Het aantal te verdienen punten hangt af van het contract, het aantal gemaakte slagen en de kwetsbaarheid van de leider.
Daar komen premies voor overslagen, deelscores, manches en slems bij.
Gebruik deze bridgecalculator om eenvoudig uw score te berekenen.
Een bridgespel begint wanneer de biedfase is afgelopen en het uiteindelijke contract is vastgesteld door de vier spelers. Een spel met 52 kaarten wordt volledig opgedeeld. Elke speler heeft dan 13 kaarten, deze worden gesorteerd en dit wordt zijn of haar "kaart" of "hand" genoemd.
Een bridgepartij bestaat uit meerdere "spellen". Een spel bestaat uit twee fasen: eerst de "biedfase" gevolgd door de fase van het "af- en tegenspel".
Een bod dient hoger te zijn dan het vorige bod. Er zijn twee voorwaarden waardoor een bod hoger kan zijn: men zegt met het bod meer slagen te halen ongeacht de kleur, of hetzelfde aantal slagen te halen in een hogere kleur.
De volgorde van de kaarten in elke kleur is: aas, heer, vrouw, boer, 10, 9, 8, 7, 6, 5, 4, 3, 2.
De speelsoorten zijn van laag naar hoog: klaveren, ruiten, harten, schoppen, sans atout. De troefkleur is de kleur van het laatstgenoemde bod. Met een troefkaart wint u de slag wanneer u niet (meer) kunt bekennen in een kleur.
Bij bridge telt u het aantal slagen (in totaal zijn er 13 te verdelen), niet de punten.
De deelnemers spelen bij als het hun beurt is en moeten een kaart spelen in de kleur die wordt voorgespeeld. De hoogste kaart wint de slag. Als een speler geen kaarten meer heeft in de voorgespeelde kleur, kan hij een kaart "afgooien" (d.w.z. een kaart van een andere kleur spelen) of "troeven" (d.w.z. een troefkaart spelen) als hij dat wil.
Elke speler speelt bij als het zijn beurt is, een slag bestaat dus uit vier kaarten die open op tafel liggen. De speler met de hoogste kaart wint de slag en deze speler speelt vervolgens weer voor in de volgende slag.
Bij robberbridge is een paar "kwetsbaar" wanneer het al een manche heeft gewonnen en downslagen dubbel tellen. Wanneer men kwetsbaar is, zijn de premies en straffen hoger. Het andere paar is "niet-kwetsbaar".
Bij contractbridge, de moderne variant van bridge, varieert de kwetsbaarheid per spel, afhankelijk van het spelnummer. De kwetsbaarheid kan het verschil maken in competitieve biedingen en dat maakt het spel interessanter.

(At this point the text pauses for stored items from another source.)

(* Let $\ell\in\mathcal{D}^-[0,\infty)$, $r\in\mathcal{D}^+[0,\infty)$ with $\ell\le r$. Given any $\psi\in\mathcal{D}[0,\infty)$, there exists at most one $\phi\in\mathcal{D}[0,\infty)$ such that $(\phi,\phi-\psi)$ solves the ESP on $[\ell(\cdot),r(\cdot)]$ for $\psi$.
   Context: $\mathcal{D}[0,\infty)$ denotes the càdlàg functions $[0,\infty)\to(-\infty,\infty)$; $\mathcal{D}^-[0,\infty)$ (resp. $\mathcal{D}^+[0,\infty)$) denotes càdlàg functions with values in $[-\infty,\infty)$ (resp. $(-\infty,\infty]$). ESP: $(\phi,\eta)\in\mathcal{D}[0,\infty)^2$ solves the ESP on $[\ell(\cdot),r(\cdot)]$ for $\psi$ if (1) $\phi(t)=\psi(t)+\eta(t)\in[\ell(t),r(t)]$ for all $t\ge0$; (2) for all $0\le s\le t$: $\eta(t)-\eta(s)\ge0$ if $\phi(u)<r(u)$ for all $u\in(s,t]$, and $\eta(t)-\eta(s)\le0$ if $\phi(u)>\ell(u)$ for all $u\in(s,t]$; (3) for all $t\ge0$: $\eta(t)-\eta(t-)\ge0$ if $\phi(t)<r(t)$, and $\eta(t)-\eta(t-)\le0$ if $\phi(t)>\ell(t)$, where $\eta(0-)=0$. *)

theory Defs
  imports "HOL-Analysis.Analysis" "HOL-Library.Extended_Real"
begin

text \<open>Cadlag on [0,oo): right-continuous at every t >= 0, left limit exists at every t > 0.
  Values outside [0,oo) are irrelevant.\<close>
definition cadlag :: "(real \<Rightarrow> 'a::topological_space) \<Rightarrow> bool" where
  "cadlag f \<longleftrightarrow> (\<forall>t\<ge>0. continuous (at_right t) f \<and> (t > 0 \<longrightarrow> (\<exists>L. (f \<longlongrightarrow> L) (at_left t))))"

definition D :: "(real \<Rightarrow> real) set" where
  "D = {f. cadlag f}"

definition Dminus :: "(real \<Rightarrow> ereal) set" where
  "Dminus = {f. cadlag f \<and> (\<forall>t\<ge>0. f t \<noteq> \<infinity>)}"

definition Dplus :: "(real \<Rightarrow> ereal) set" where
  "Dplus = {f. cadlag f \<and> (\<forall>t\<ge>0. f t \<noteq> -\<infinity>)}"

text \<open>Left limit eta(t-), with the convention eta(0-) = 0.\<close>
definition left_lim :: "(real \<Rightarrow> real) \<Rightarrow> real \<Rightarrow> real" where
  "left_lim \<eta> t = (if t = 0 then 0 else Lim (at_left t) \<eta>)"

definition ESP :: "(real \<Rightarrow> ereal) \<Rightarrow> (real \<Rightarrow> ereal) \<Rightarrow> (real \<Rightarrow> real)
    \<Rightarrow> (real \<Rightarrow> real) \<Rightarrow> (real \<Rightarrow> real) \<Rightarrow> bool" where
  "ESP l r \<psi> \<phi> \<eta> \<longleftrightarrow>
     \<phi> \<in> D \<and> \<eta> \<in> D \<and>
     (\<forall>t\<ge>0. \<phi> t = \<psi> t + \<eta> t \<and> l t \<le> ereal (\<phi> t) \<and> ereal (\<phi> t) \<le> r t) \<and>
     (\<forall>s t. 0 \<le> s \<and> s \<le> t \<longrightarrow>
        ((\<forall>u\<in>{s<..t}. ereal (\<phi> u) < r u) \<longrightarrow> \<eta> t - \<eta> s \<ge> 0) \<and>
        ((\<forall>u\<in>{s<..t}. ereal (\<phi> u) > l u) \<longrightarrow> \<eta> t - \<eta> s \<le> 0)) \<and>
     (\<forall>t\<ge>0.
        (ereal (\<phi> t) < r t \<longrightarrow> \<eta> t - left_lim \<eta> t \<ge> 0) \<and>
        (ereal (\<phi> t) > l t \<longrightarrow> \<eta> t - left_lim \<eta> t \<le> 0))"

end

theory Submission
  imports Defs
begin

text \<open>Suppose \<open>\<phi>\<^sub>1 > \<phi>\<^sub>2\<close> at some time \<open>T\<close>. Wherever \<open>\<phi>\<^sub>1 > \<phi>\<^sub>2\<close>, the first solution is off the
  lower barrier and the second off the upper one, so \<open>\<eta>\<^sub>1\<close> can only decrease and \<open>\<eta>\<^sub>2\<close> only
  increase there; as \<open>\<phi>\<^sub>1 - \<phi>\<^sub>2 = \<eta>\<^sub>1 - \<eta>\<^sub>2\<close>, the gap can only grow when going backwards in time,
  also across jumps and hence into left limits. Running this backwards from \<open>T\<close> down to time 0
  yields a positive gap at 0, although \<open>\<eta>\<^sub>1(0) \<le> 0 \<le> \<eta>\<^sub>2(0)\<close> by the jump condition at 0.
  Neither the regularity of the barriers nor \<open>l \<le> r\<close> enters the argument.\<close>

lemma real_interval_backward_induct:
  fixes P :: "real \<Rightarrow> bool" and T :: real
  assumes "0 \<le> T"
    and step: "\<And>s. 0 \<le> s \<Longrightarrow> s \<le> T \<Longrightarrow> \<forall>u\<in>{s<..T}. P u \<Longrightarrow>
                 P s \<and> (0 < s \<longrightarrow> (\<exists>b<s. \<forall>u\<in>{b<..<s}. P u))"
  shows "\<forall>u\<in>{0..T}. P u"
proof -
  define A where "A = {s. 0 \<le> s \<and> s \<le> T \<and> (\<forall>u\<in>{s<..T}. P u)}"
  define s where "s = Inf A"
  have "T \<in> A" using \<open>0 \<le> T\<close> by (auto simp: A_def)
  have bdd: "bdd_below A" by (rule bdd_belowI[of _ 0]) (auto simp: A_def)
  have "0 \<le> s" unfolding s_def using \<open>T \<in> A\<close> by (intro cInf_greatest) (auto simp: A_def)
  have "s \<le> T" unfolding s_def using \<open>T \<in> A\<close> bdd by (rule cInf_lower)
  have above: "\<forall>u\<in>{s<..T}. P u"
  proof
    fix u assume u: "u \<in> {s<..T}"
    then obtain a where "a \<in> A" "a < u" using cInf_lessD[of A u] \<open>T \<in> A\<close> by (auto simp: s_def)
    then show "P u" using u by (auto simp: A_def)
  qed
  have "P s" using step[OF \<open>0 \<le> s\<close> \<open>s \<le> T\<close> above] by blast
  have "s = 0"
  proof (rule ccontr)
    assume "s \<noteq> 0"
    then obtain b where "b < s" and below: "\<forall>u\<in>{b<..<s}. P u"
      using step[OF \<open>0 \<le> s\<close> \<open>s \<le> T\<close> above] \<open>0 \<le> s\<close> by auto
    have "\<forall>u\<in>{max b 0<..T}. P u"
    proof
      fix u assume "u \<in> {max b 0<..T}"
      then consider "u \<in> {b<..<s}" | "u = s" | "u \<in> {s<..T}" by fastforce
      then show "P u" using below \<open>P s\<close> above by cases auto
    qed
    then have "max b 0 \<in> A" using \<open>b < s\<close> \<open>s \<le> T\<close> \<open>0 \<le> T\<close> by (auto simp: A_def)
    then have "s \<le> max b 0" unfolding s_def using bdd by (rule cInf_lower)
    with \<open>b < s\<close> \<open>0 \<le> s\<close> \<open>s \<noteq> 0\<close> show False by linarith
  qed
  then show ?thesis using \<open>P s\<close> above by (auto simp: le_less)
qed

lemma left_lim_tendsto:
  assumes "\<eta> \<in> D" and "0 < t"
  shows "(\<eta> \<longlongrightarrow> left_lim \<eta> t) (at_left t)"
proof -
  have "\<exists>L. (\<eta> \<longlongrightarrow> L) (at_left t)"
    using assms unfolding D_def cadlag_def by (simp add: less_imp_le)
  then obtain L where "(\<eta> \<longlongrightarrow> L) (at_left t)" ..
  then show ?thesis using \<open>0 < t\<close> by (simp add: left_lim_def tendsto_Lim)
qed

lemma ESP_decomposition: "ESP l r \<psi> \<phi> \<eta> \<Longrightarrow> 0 \<le> t \<Longrightarrow> \<phi> t = \<psi> t + \<eta> t"
  and ESP_lower_bound: "ESP l r \<psi> \<phi> \<eta> \<Longrightarrow> 0 \<le> t \<Longrightarrow> l t \<le> ereal (\<phi> t)"
  and ESP_upper_bound: "ESP l r \<psi> \<phi> \<eta> \<Longrightarrow> 0 \<le> t \<Longrightarrow> ereal (\<phi> t) \<le> r t"
  and ESP_regulator_mono:
    "ESP l r \<psi> \<phi> \<eta> \<Longrightarrow> 0 \<le> s \<Longrightarrow> s \<le> t \<Longrightarrow> \<forall>u\<in>{s<..t}. ereal (\<phi> u) < r u \<Longrightarrow> \<eta> s \<le> \<eta> t"
  and ESP_regulator_antimono:
    "ESP l r \<psi> \<phi> \<eta> \<Longrightarrow> 0 \<le> s \<Longrightarrow> s \<le> t \<Longrightarrow> \<forall>u\<in>{s<..t}. l u < ereal (\<phi> u) \<Longrightarrow> \<eta> t \<le> \<eta> s"
  and ESP_jump_nonneg: "ESP l r \<psi> \<phi> \<eta> \<Longrightarrow> 0 \<le> t \<Longrightarrow> ereal (\<phi> t) < r t \<Longrightarrow> left_lim \<eta> t \<le> \<eta> t"
  and ESP_jump_nonpos: "ESP l r \<psi> \<phi> \<eta> \<Longrightarrow> 0 \<le> t \<Longrightarrow> l t < ereal (\<phi> t) \<Longrightarrow> \<eta> t \<le> left_lim \<eta> t"
  unfolding ESP_def by force+

context
  fixes l r :: "real \<Rightarrow> ereal" and \<psi> \<phi>\<^sub>1 \<phi>\<^sub>2 \<eta>\<^sub>1 \<eta>\<^sub>2 :: "real \<Rightarrow> real"
  assumes ESP\<^sub>1: "ESP l r \<psi> \<phi>\<^sub>1 \<eta>\<^sub>1" and ESP\<^sub>2: "ESP l r \<psi> \<phi>\<^sub>2 \<eta>\<^sub>2"
begin

lemma ESP_gap_eq_regulator_gap: "0 \<le> t \<Longrightarrow> \<phi>\<^sub>1 t - \<phi>\<^sub>2 t = \<eta>\<^sub>1 t - \<eta>\<^sub>2 t"
  using ESP_decomposition[OF ESP\<^sub>1] ESP_decomposition[OF ESP\<^sub>2] by simp

lemma ESP_gap_off_barriers:
  assumes "0 \<le> u" and "\<phi>\<^sub>2 u < \<phi>\<^sub>1 u"
  shows "l u < ereal (\<phi>\<^sub>1 u)" and "ereal (\<phi>\<^sub>2 u) < r u"
proof -
  have "ereal (\<phi>\<^sub>2 u) < ereal (\<phi>\<^sub>1 u)" using assms(2) by simp
  then show "l u < ereal (\<phi>\<^sub>1 u)" and "ereal (\<phi>\<^sub>2 u) < r u"
    using ESP_lower_bound[OF ESP\<^sub>2 \<open>0 \<le> u\<close>] ESP_upper_bound[OF ESP\<^sub>1 \<open>0 \<le> u\<close>] by order+
qed

lemma ESP_gap_grows_backward:
  assumes "0 \<le> s" and "s \<le> t" and gap: "\<forall>u\<in>{s<..t}. \<phi>\<^sub>2 u < \<phi>\<^sub>1 u"
  shows "\<phi>\<^sub>1 t - \<phi>\<^sub>2 t \<le> \<phi>\<^sub>1 s - \<phi>\<^sub>2 s"
proof -
  have "\<eta>\<^sub>1 t \<le> \<eta>\<^sub>1 s"
    using ESP_regulator_antimono[OF ESP\<^sub>1 assms(1,2)] ESP_gap_off_barriers(1) gap assms(1) by force
  moreover have "\<eta>\<^sub>2 s \<le> \<eta>\<^sub>2 t"
    using ESP_regulator_mono[OF ESP\<^sub>2 assms(1,2)] ESP_gap_off_barriers(2) gap assms(1) by force
  ultimately show ?thesis using ESP_gap_eq_regulator_gap assms(1,2) by force
qed

lemma ESP_gap_le_left_lim_gap:
  assumes "0 \<le> s" and "\<phi>\<^sub>2 s < \<phi>\<^sub>1 s"
  shows "\<phi>\<^sub>1 s - \<phi>\<^sub>2 s \<le> left_lim \<eta>\<^sub>1 s - left_lim \<eta>\<^sub>2 s"
  using ESP_jump_nonpos[OF ESP\<^sub>1 \<open>0 \<le> s\<close> ESP_gap_off_barriers(1)[OF assms]]
    ESP_jump_nonneg[OF ESP\<^sub>2 \<open>0 \<le> s\<close> ESP_gap_off_barriers(2)[OF assms]]
    ESP_gap_eq_regulator_gap[OF \<open>0 \<le> s\<close>] by linarith

lemma ESP_gap_persists_left:
  assumes "0 < s" and "\<phi>\<^sub>2 s < \<phi>\<^sub>1 s"
  obtains b where "b < s" and "\<forall>u\<in>{b<..<s}. \<phi>\<^sub>2 u < \<phi>\<^sub>1 u"
proof -
  have "((\<lambda>u. \<eta>\<^sub>1 u - \<eta>\<^sub>2 u) \<longlongrightarrow> left_lim \<eta>\<^sub>1 s - left_lim \<eta>\<^sub>2 s) (at_left s)"
    using ESP\<^sub>1 ESP\<^sub>2 \<open>0 < s\<close> by (intro tendsto_diff left_lim_tendsto) (auto simp: ESP_def)
  moreover have "0 < left_lim \<eta>\<^sub>1 s - left_lim \<eta>\<^sub>2 s"
    using ESP_gap_le_left_lim_gap[of s] assms by linarith
  ultimately have "eventually (\<lambda>u. 0 < \<eta>\<^sub>1 u - \<eta>\<^sub>2 u) (at_left s)"
    by (rule order_tendstoD)
  then obtain b where "b < s" and pos: "\<forall>u>b. u < s \<longrightarrow> 0 < \<eta>\<^sub>1 u - \<eta>\<^sub>2 u"
    unfolding eventually_at_left_field by blast
  show ?thesis
  proof
    show "max b 0 < s" using \<open>b < s\<close> \<open>0 < s\<close> by simp
    show "\<forall>u\<in>{max b 0<..<s}. \<phi>\<^sub>2 u < \<phi>\<^sub>1 u"
    proof
      fix u assume "u \<in> {max b 0<..<s}"
      then have "0 < \<eta>\<^sub>1 u - \<eta>\<^sub>2 u" using pos by simp
      then show "\<phi>\<^sub>2 u < \<phi>\<^sub>1 u"
        using ESP_gap_eq_regulator_gap[of u] \<open>u \<in> {max b 0<..<s}\<close> by simp
    qed
  qed
qed

lemma ESP_comparison:
  assumes "0 \<le> T"
  shows "\<phi>\<^sub>1 T \<le> \<phi>\<^sub>2 T"
proof (rule ccontr)
  assume "\<not> \<phi>\<^sub>1 T \<le> \<phi>\<^sub>2 T"
  have "\<forall>u\<in>{0..T}. \<phi>\<^sub>2 u < \<phi>\<^sub>1 u"
  proof (rule real_interval_backward_induct[OF \<open>0 \<le> T\<close>])
    fix s assume "0 \<le> s" "s \<le> T" and gap: "\<forall>u\<in>{s<..T}. \<phi>\<^sub>2 u < \<phi>\<^sub>1 u"
    have "\<phi>\<^sub>2 s < \<phi>\<^sub>1 s"
      using ESP_gap_grows_backward[OF \<open>0 \<le> s\<close> \<open>s \<le> T\<close> gap] \<open>\<not> \<phi>\<^sub>1 T \<le> \<phi>\<^sub>2 T\<close> by linarith
    then show "\<phi>\<^sub>2 s < \<phi>\<^sub>1 s \<and> (0 < s \<longrightarrow> (\<exists>b<s. \<forall>u\<in>{b<..<s}. \<phi>\<^sub>2 u < \<phi>\<^sub>1 u))"
      using ESP_gap_persists_left by metis
  qed
  then have "\<phi>\<^sub>2 0 < \<phi>\<^sub>1 0" using \<open>0 \<le> T\<close> by simp
  with ESP_gap_le_left_lim_gap[of 0] show False by (simp add: left_lim_def)
qed

end

theorem proposition2p8:
  fixes l r :: "real \<Rightarrow> ereal" and \<psi> \<phi>1 \<phi>2 :: "real \<Rightarrow> real"
  assumes "l \<in> Dminus" and "r \<in> Dplus" and "\<forall>t\<ge>0. l t \<le> r t"
    and "\<psi> \<in> D"
    and "\<phi>1 \<in> D" and "ESP l r \<psi> \<phi>1 (\<lambda>t. \<phi>1 t - \<psi> t)"
    and "\<phi>2 \<in> D" and "ESP l r \<psi> \<phi>2 (\<lambda>t. \<phi>2 t - \<psi> t)"
  shows "\<forall>t\<ge>0. \<phi>1 t = \<phi>2 t"
  using ESP_comparison[OF assms(6,8)] ESP_comparison[OF assms(8,6)] by (meson order_antisym)

end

Het verschil in kwetsbaarheid (niemand kwetsbaar, allen kwetsbaar, niet tegen wel, wel tegen niet) rouleert. Als men kwetsbaar is, heet dat "rood", is men niet-kwetsbaar, dan heet dat "wit".
Deze punten worden toegekend voor het aantal slagen dat is gehaald in een bepaald contract. Overslagen worden apart geteld.
Als de leider zijn contract maakt, dan wordt het aantal slagen geteld (boven het "boekje", de eerste zes slagen) en vermenigvuldigd met de factor die hoort bij de kleur van het contract. De trekpunten voor iedere geboden en gemaakte slag zijn: 20 punten per slag in klaveren of ruiten, 30 punten per slag in harten of schoppen, 40 punten voor de eerste slag in sans atout en 30 punten voor elke volgende slag in sans atout.
Deze punten worden verdubbeld wanneer het contract is gedoubleerd en verviervoudigd als het is geredoubleerd.
Er zijn vier soorten bridgepremies: de premie voor een een overslag, de deelscorepremie, de manchepremie en de slempremie.
De premie voor een overslag wordt toegekend voor elke slag boven het benodigde aantal slagen om het contract te halen. Deze tellen niet mee bij het berekenen van de manche- of slempremies. Overslagen tellen extra als het contract is gedoubleerd of geredoubleerd.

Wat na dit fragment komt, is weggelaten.